▸ Task description
Up to and including the line that contains "by (intro integral_mono", return every line from the start of the data, unchanged.

▸ Source data

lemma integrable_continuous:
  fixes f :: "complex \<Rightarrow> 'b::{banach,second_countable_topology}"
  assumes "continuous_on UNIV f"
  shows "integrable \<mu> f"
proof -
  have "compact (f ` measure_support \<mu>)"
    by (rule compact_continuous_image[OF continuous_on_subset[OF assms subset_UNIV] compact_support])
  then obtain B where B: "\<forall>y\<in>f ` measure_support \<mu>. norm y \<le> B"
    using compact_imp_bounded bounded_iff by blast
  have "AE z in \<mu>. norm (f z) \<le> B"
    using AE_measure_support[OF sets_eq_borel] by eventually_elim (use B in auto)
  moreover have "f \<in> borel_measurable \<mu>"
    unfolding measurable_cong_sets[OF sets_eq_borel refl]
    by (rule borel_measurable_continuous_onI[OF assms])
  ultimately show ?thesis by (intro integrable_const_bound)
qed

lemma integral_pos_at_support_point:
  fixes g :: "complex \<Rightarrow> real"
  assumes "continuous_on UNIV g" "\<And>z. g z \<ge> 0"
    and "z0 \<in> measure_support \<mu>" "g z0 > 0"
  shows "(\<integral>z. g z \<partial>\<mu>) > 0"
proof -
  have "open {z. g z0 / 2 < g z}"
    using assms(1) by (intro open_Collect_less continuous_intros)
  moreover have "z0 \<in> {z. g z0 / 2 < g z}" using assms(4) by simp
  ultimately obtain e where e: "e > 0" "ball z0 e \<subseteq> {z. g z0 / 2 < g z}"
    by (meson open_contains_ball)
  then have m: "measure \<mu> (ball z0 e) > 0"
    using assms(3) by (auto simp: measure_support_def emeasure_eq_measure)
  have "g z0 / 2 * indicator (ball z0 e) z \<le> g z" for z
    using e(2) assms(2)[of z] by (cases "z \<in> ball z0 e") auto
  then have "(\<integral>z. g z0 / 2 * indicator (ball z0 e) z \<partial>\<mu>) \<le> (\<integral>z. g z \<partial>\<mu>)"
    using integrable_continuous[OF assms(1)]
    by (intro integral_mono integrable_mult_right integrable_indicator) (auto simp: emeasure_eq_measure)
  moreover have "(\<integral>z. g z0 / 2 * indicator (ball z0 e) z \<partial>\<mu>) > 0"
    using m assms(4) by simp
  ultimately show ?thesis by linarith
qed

▸ Reply
lemma integrable_continuous:
  fixes f :: "complex \<Rightarrow> 'b::{banach,second_countable_topology}"
  assumes "continuous_on UNIV f"
  shows "integrable \<mu> f"
proof -
  have "compact (f ` measure_support \<mu>)"
    by (rule compact_continuous_image[OF continuous_on_subset[OF assms subset_UNIV] compact_support])
  then obtain B where B: "\<forall>y\<in>f ` measure_support \<mu>. norm y \<le> B"
    using compact_imp_bounded bounded_iff by blast
  have "AE z in \<mu>. norm (f z) \<le> B"
    using AE_measure_support[OF sets_eq_borel] by eventually_elim (use B in auto)
  moreover have "f \<in> borel_measurable \<mu>"
    unfolding measurable_cong_sets[OF sets_eq_borel refl]
    by (rule borel_measurable_continuous_onI[OF assms])
  ultimately show ?thesis by (intro integrable_const_bound)
qed

lemma integral_pos_at_support_point:
  fixes g :: "complex \<Rightarrow> real"
  assumes "continuous_on UNIV g" "\<And>z. g z \<ge> 0"
    and "z0 \<in> measure_support \<mu>" "g z0 > 0"
  shows "(\<integral>z. g z \<partial>\<mu>) > 0"
proof -
  have "open {z. g z0 / 2 < g z}"
    using assms(1) by (intro open_Collect_less continuous_intros)
  moreover have "z0 \<in> {z. g z0 / 2 < g z}" using assms(4) by simp
  ultimately obtain e where e: "e > 0" "ball z0 e \<subseteq> {z. g z0 / 2 < g z}"
    by (meson open_contains_ball)
  then have m: "measure \<mu> (ball z0 e) > 0"
    using assms(3) by (auto simp: measure_support_def emeasure_eq_measure)
  have "g z0 / 2 * indicator (ball z0 e) z \<le> g z" for z
    using e(2) assms(2)[of z] by (cases "z \<in> ball z0 e") auto
  then have "(\<integral>z. g z0 / 2 * indicator (ball z0 e) z \<partial>\<mu>) \<le> (\<integral>z. g z \<partial>\<mu>)"
    using integrable_continuous[OF assms(1)]
    by (intro integral_mono integrable_mult_right integrable_indicator) (auto simp: emeasure_eq_measure)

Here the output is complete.